The State of Voice UI, SxSW 2016 Edition

Andrea F Hill
disruption at readytalk
5 min readMar 15, 2016

One of the hottest UI topics at this year’s SxSW Interactive festival was voice control. Although smartphone users had started using this means of interaction with their Siri, Google Now or Cortana, the release of Amazon Echo’s Alexa into the world dramatically raised the volume of interest in voice interfaces. (see what I did there?)

The promise of voice interaction is that it feels ‘natural’, and allows us to multi-task as we don’t need to use a tactile input device (and usually gaze at a feedback device). With all the excitement about this means of interaction, will we get to a point where keyboards are outdated and we can interact with a computer as easily as with another human being?

We can look at technical, situational and social factors to consider the impact and potential proliferation of voice interfaces in the future.

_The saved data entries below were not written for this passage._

lemma exists_end_containing:
  assumes "infinite A" "almost_invariant G A"
  shows "\<exists>\<E>. is_end G \<E> \<and> A \<in> \<E>"
proof -
  define \<C> where "\<C> = {\<E>. end_candidate G \<E> \<and> A \<in> \<E>}"
  have singleton: "{A} \<in> \<C>"
    using assms by (auto simp: \<C>_def end_candidate_def coarsely_clopen_iff_almost_invariant
        subset_singleton_iff)
  have "\<Union>\<K> \<in> \<C>" if \<K>: "\<K> \<in> chains \<C>" "\<K> \<noteq> {}" for \<K>
  proof -
    have sub: "\<K> \<subseteq> \<C>" using \<K> by (simp add: chains_def)
    have chain: "subset.chain \<C> \<K>" using \<K> by (simp add: chains_alt_def)
    have "infinite (\<Inter>\<F>)" if \<F>: "\<F> \<subseteq> \<Union>\<K>" "finite \<F>" "\<F> \<noteq> {}" for \<F>
    proof -
      obtain \<E> where "\<E> \<in> \<K>" "\<F> \<subseteq> \<E>"
        using finite_subset_Union_chain[OF \<F>(2,1) \<K>(2) chain] .
      thus ?thesis using sub \<F> by (auto simp: \<C>_def end_candidate_def)
    qed
    thus ?thesis using sub \<K>(2) by (auto simp: \<C>_def end_candidate_def)
  qed
  hence "\<forall>\<K>\<in>chains \<C>. \<exists>\<U>\<in>\<C>. \<forall>\<E>\<in>\<K>. \<E> \<subseteq> \<U>"
    using singleton by (metis Sup_upper empty_iff)
  then obtain \<M> where "\<M> \<in> \<C>" "\<forall>\<E>\<in>\<C>. \<M> \<subseteq> \<E> \<longrightarrow> \<E> = \<M>"
    using Zorn_Lemma2[of \<C>] by blast
  thus ?thesis by (auto simp: \<C>_def is_end_def)
qed

lemma three_disjoint_imp_three_ends:
  assumes "almost_invariant G A" "almost_invariant G B" "almost_invariant G C"
    and "infinite A" "infinite B" "infinite C"
    and "A \<inter> B = {}" "A \<inter> C = {}" "B \<inter> C = {}"
  shows "infinite (ends G) \<or> 3 \<le> card (ends G)"
proof -
  have separate: "\<E> \<noteq> \<E>'"
    if "is_end G \<E>" "is_end G \<E>'" "P \<in> \<E>" "Q \<in> \<E>'" "P \<inter> Q = {}" for \<E> \<E>' P Q
    using that is_end_Inter_infinite[of \<E> "{P, Q}"] by auto
  obtain \<E>\<^sub>A \<E>\<^sub>B \<E>\<^sub>C where "is_end G \<E>\<^sub>A" "A \<in> \<E>\<^sub>A" "is_end G \<E>\<^sub>B" "B \<in> \<E>\<^sub>B"
    "is_end G \<E>\<^sub>C" "C \<in> \<E>\<^sub>C"
    using exists_end_containing assms by metis
  hence "{\<E>\<^sub>A, \<E>\<^sub>B, \<E>\<^sub>C} \<subseteq> ends G" "card {\<E>\<^sub>A, \<E>\<^sub>B, \<E>\<^sub>C} = 3"
    using separate assms by (auto simp: ends_def)
  thus ?thesis by (metis card_mono)
qed

lemma almost_equal_cases_if_at_most_two_ends:
  assumes ends: "finite (ends G)" "card (ends G) \<le> 2"
    and E: "almost_invariant G E" "infinite E" "infinite (carrier G - E)"
    and A: "almost_invariant G A"
  shows "finite A \<or> finite (carrier G - A) \<or> finite (sym_diff A E)
    \<or> finite (sym_diff A (carrier G - E))"
proof (rule ccontr)
  assume none: "\<not> ?thesis"
  define P1 P2 P3 P4 where "P1 = A \<inter> E" and "P2 = A \<inter> (carrier G - E)"
    and "P3 = (carrier G - A) \<inter> E" and "P4 = (carrier G - A) \<inter> (carrier G - E)"
  have sub: "A \<subseteq> carrier G" "E \<subseteq> carrier G" using A E by (auto simp: almost_invariant_def)
  have "almost_invariant G P1" "almost_invariant G P2" "almost_invariant G P3" "almost_invariant G P4"
    unfolding P1_def P2_def P3_def P4_def
    using A E by (simp_all add: almost_invariant_Int almost_invariant_compl)
  moreover have "P1 \<inter> P2 = {}" "P1 \<inter> P3 = {}" "P1 \<inter> P4 = {}" "P2 \<inter> P3 = {}" "P2 \<inter> P4 = {}"
    "P3 \<inter> P4 = {}"
    by (auto simp: P1_def P2_def P3_def P4_def)
  moreover have "P1 \<union> P2 = A" "P3 \<union> P4 = carrier G - A" "P1 \<union> P3 = E" "P2 \<union> P4 = carrier G - E"
    "P2 \<union> P3 = sym_diff A E" "P1 \<union> P4 = sym_diff A (carrier G - E)"
    using sub by (auto simp: P1_def P2_def P3_def P4_def)
  hence "infinite (P1 \<union> P2)" "infinite (P3 \<union> P4)" "infinite (P1 \<union> P3)" "infinite (P2 \<union> P4)"
    "infinite (P2 \<union> P3)" "infinite (P1 \<union> P4)"
    using none E by simp_all
  \<comment> \<open>every two of the four pieces have infinite union, so at most one piece is finite\<close>
  hence "(infinite P1 \<and> infinite P2 \<and> infinite P3) \<or> (infinite P1 \<and> infinite P2 \<and> infinite P4)
    \<or> (infinite P1 \<and> infinite P3 \<and> infinite P4) \<or> (infinite P2 \<and> infinite P3 \<and> infinite P4)"
    by (simp only: finite_Un) blast
  ultimately have "infinite (ends G) \<or> 3 \<le> card (ends G)"
    using three_disjoint_imp_three_ends by (elim disjE conjE) (simp_all add: Int_commute)
  thus False using ends by simp
qed

end

section \<open>Two-ended groups\<close>

locale two_ended = group G for G (structure) +
  fixes E :: "'a set"
  assumes almost_invariant_E: "almost_invariant G E"
    and infinite_E: "infinite E"
    and infinite_compl_E: "infinite (carrier G - E)"
    and almost_equal_cases: "\<And>A. almost_invariant G A \<Longrightarrow> finite A \<or> finite (carrier G - A)
      \<or> finite (sym_diff A E) \<or> finite (sym_diff A (carrier G - E))"

lemma (in group) two_ended_if_two_ends:
  assumes "finite (ends G)" "card (ends G) = 2"
  shows "\<exists>E. two_ended G E"
proof -
  obtain \<E>\<^sub>1 \<E>\<^sub>2 where ends: "\<E>\<^sub>1 \<noteq> \<E>\<^sub>2" "ends G = {\<E>\<^sub>1, \<E>\<^sub>2}"
    using assms(2) by (meson card_2_iff)
  hence \<E>: "is_end G \<E>\<^sub>1" "is_end G \<E>\<^sub>2" by (auto simp: ends_def)
  hence "\<not> \<E>\<^sub>1 \<subseteq> \<E>\<^sub>2" using ends(1) unfolding is_end_def by blast
  then obtain E where "E \<in> \<E>\<^sub>1" "E \<notin> \<E>\<^sub>2" by blast
  hence E: "almost_invariant G E" "infinite E" "infinite (carrier G - E)"
    using is_end_memD[OF \<E>(1)] cofinite_mem_end[OF \<E>(2)] by auto
  have "two_ended G E"
  proof unfold_locales
    fix A assume "almost_invariant G A"
    thus "finite A \<or> finite (carrier G - A) \<or> finite (sym_diff A E)
      \<or> finite (sym_diff A (carrier G - E))"
      using almost_equal_cases_if_at_most_two_ends[OF assms(1) _ E] assms(2) by simp
  qed (use E in auto)
  thus ?thesis ..
qed

context two_ended
begin

lemma E_subset: "E \<subseteq> carrier G"
  using almost_invariant_E by (simp add: almost_invariant_def)

lemma infinite_carrier: "infinite (carrier G)"
  using infinite_E E_subset finite_subset by blast

lemma not_almost_equal_E_and_compl:
  assumes "finite (sym_diff A E)" "finite (sym_diff A (carrier G - E))"
  shows False
proof -
  have "finite (sym_diff E (carrier G - E))"
    using finite_sym_diff_trans[OF finite_sym_diff_commute[THEN iffD1, OF assms(1)] assms(2)] .
  moreover have "sym_diff E (carrier G - E) = carrier G" using E_subset by auto
  ultimately show False using infinite_carrier by simp
qed

lemma two_ended_compl: "two_ended G (carrier G - E)"
proof unfold_locales
  show "almost_invariant G (carrier G - E)" by (rule almost_invariant_compl[OF almost_invariant_E])
  show "infinite (carrier G - E)" by (rule infinite_compl_E)
  have double_compl: "carrier G - (carrier G - E) = E" using E_subset by blast
  thus "infinite (carrier G - (carrier G - E))" using infinite_E by simp
  fix A assume "almost_invariant G A"
  from almost_equal_cases[OF this]
  show "finite A \<or> finite (carrier G - A) \<or> finite (sym_diff A (carrier G - E))
    \<or> finite (sym_diff A (carrier G - (carrier G - E)))"
    unfolding double_compl by blast
qed

definition stab :: "'a set" where
  "stab = {z \<in> carrier G. finite (sym_diff (z <# E) E)}"

lemma stab_subset: "stab \<subseteq> carrier G"
  by (auto simp: stab_def)

lemma mem_stab_iff: "z \<in> carrier G \<Longrightarrow> z \<in> stab \<longleftrightarrow> finite (sym_diff (z <# E) E)"
  by (simp add: stab_def)

lemma almost_equal_compl_iff_not_stab:
  assumes z: "z \<in> carrier G"
  shows "finite (sym_diff (z <# E) (carrier G - E)) \<longleftrightarrow> z \<notin> stab"
proof -
  have "almost_invariant G (z <# E)"
    using almost_invariant_l_coset[OF almost_invariant_E z] .
  moreover have "infinite (z <# E)" "infinite (carrier G - (z <# E))"
    using infinite_E infinite_compl_E finite_l_coset_iff[OF z] E_subset l_coset_compl[OF z E_subset]
    by (metis Diff_subset)+
  ultimately have "finite (sym_diff (z <# E) E) \<or> finite (sym_diff (z <# E) (carrier G - E))"
    using almost_equal_cases by blast
  thus ?thesis
    using not_almost_equal_E_and_compl[of "z <# E"] z by (auto simp: stab_def)
qed

lemma mult_mem_stab_iff:
  assumes z: "z \<in> carrier G" and s: "s \<in> carrier G"
  shows "z \<otimes> s \<in> stab \<longleftrightarrow> (z \<in> stab \<longleftrightarrow> s \<in> stab)"
proof -
  have zs: "(z \<otimes> s) <# E = z <# (s <# E)"
    using lcos_m_assoc[OF E_subset z s] by simp
  have sE: "s <# E \<subseteq> carrier G" using l_coset_subset_G[OF E_subset s] .
  show ?thesis
  proof (cases "s \<in> stab")
    case True
    hence "finite (sym_diff (z <# (s <# E)) (z <# E))"
      using finite_sym_diff_l_coset_iff[OF z sE E_subset] by (simp add: stab_def)
    hence "finite (sym_diff ((z \<otimes> s) <# E) E) \<longleftrightarrow> finite (sym_diff (z <# E) E)"
      unfolding zs by (meson finite_sym_diff_commute finite_sym_diff_trans)
    thus ?thesis using True mem_stab_iff[OF z] mem_stab_iff[OF m_closed[OF z s]] by blast
  next
    case False
    hence "finite (sym_diff (s <# E) (carrier G - E))"
      using almost_equal_compl_iff_not_stab[OF s] by simp
    hence "finite (sym_diff (z <# (s <# E)) (carrier G - (z <# E)))"
      using finite_sym_diff_l_coset_iff[OF z sE, of "carrier G - E"] l_coset_compl[OF z E_subset]
      by simp
    moreover have "sym_diff (carrier G - (z <# E)) E = sym_diff (z <# E) (carrier G - E)"
      using l_coset_subset_G[OF E_subset z] E_subset by auto
    ultimately have "finite (sym_diff ((z \<otimes> s) <# E) E) \<longleftrightarrow> z \<notin> stab"
      unfolding zs almost_equal_compl_iff_not_stab[OF z, symmetric]
      by (metis finite_sym_diff_commute finite_sym_diff_trans)
    thus ?thesis using False mem_stab_iff[OF m_closed[OF z s]] by blast
  qed
qed

lemma subgroup_stab: "subgroup stab G"
proof (rule subgroupI)
  have "\<one> \<in> stab" using E_subset by (simp add: stab_def lcos_mult_one)
  thus "stab \<noteq> {}" by blast
  fix a b assume a: "a \<in> stab" and b: "b \<in> stab"
  show "a \<otimes> b \<in> stab"
    using a b stab_subset mult_mem_stab_iff by blast
  have "a \<otimes> inv a \<in> stab" using a stab_subset \<open>\<one> \<in> stab\<close> by auto
  thus "inv a \<in> stab"
    using a stab_subset mult_mem_stab_iff[of a "inv a"] by auto
qed (rule stab_subset)

lemma stab_finite_index:
  "\<exists>T. finite T \<and> T \<subseteq> carrier G \<and> (\<forall>y\<in>carrier G. \<exists>t\<in>T. y \<otimes> inv t \<in> stab)"
proof (cases "carrier G \<subseteq> stab")
  case True
  thus ?thesis by (intro exI[of _ "{\<one>}"]) auto
next
  case False
  then obtain t where t: "t \<in> carrier G" "t \<notin> stab" by blast
  hence "inv t \<notin> stab" using subgroup.m_inv_closed[OF subgroup_stab] by fastforce
  hence "y \<otimes> inv t \<in> stab" if "y \<in> carrier G" "y \<notin> stab" for y
    using that t mult_mem_stab_iff[of y "inv t"] by simp
  thus ?thesis using t by (intro exI[of _ "{\<one>, t}"]) auto
qed

text \<open>The left translate \<open>z E\<close> is complemented when \<open>z\<close> swaps the two ends, so that it is always
  almost equal to \<open>E\<close>.\<close>

definition translate :: "'a \<Rightarrow> 'a set" where
  "translate z = (if z \<in> stab then z <# E else z <# (carrier G - E))"

lemma translate_subset: "z \<in> carrier G \<Longrightarrow> translate z \<subseteq> carrier G"
  using E_subset by (simp add: translate_def l_coset_subset_G)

Input, Recognition and Interpretation

From a technical standpoint we’re certainly not there… yet. In the session “HAL to Her: Humanizing Tech Via the Power of Voice,” the speakers touched on some of the current challenges related to speech recognition and processing. Some of these are challenges that the “Big Five” players are working on, related to acoustics and noise cancellation. (The “Big Five” are Google with Google Now, Apple with Siri, Microsoft with Cortana, Amazon with Alexa and Nuance). The general sentiment from the panelists (who hailed from Google, Microsoft and the startup Orion Labs) was that it’s unlikely a startup will break ground and develop their own speech recognition to compete against these players. Rather, they’ll leverage these platforms in their products.

Even as the technology of capturing and recognizing audio input is improving, the tasks of interpretation and then actually *doing something* with that input is much more in its infancy.

This is where the fun comes in, and the conversations spiral into the concepts of artificial intelligence and machine learning.

It was fascinating to see this happen time and again over the voice sessions: You start talking about voice and you end up discussing personalization and virtual assistants. There is something about this type of interaction that encourages us to form more of a relationship with the device with which we’re engaging. And Lesley Carmichael (Principal Product Manager at Microsoft) noted that people feel even more strongly about the relationship once some sort of voice response is also included in the experience.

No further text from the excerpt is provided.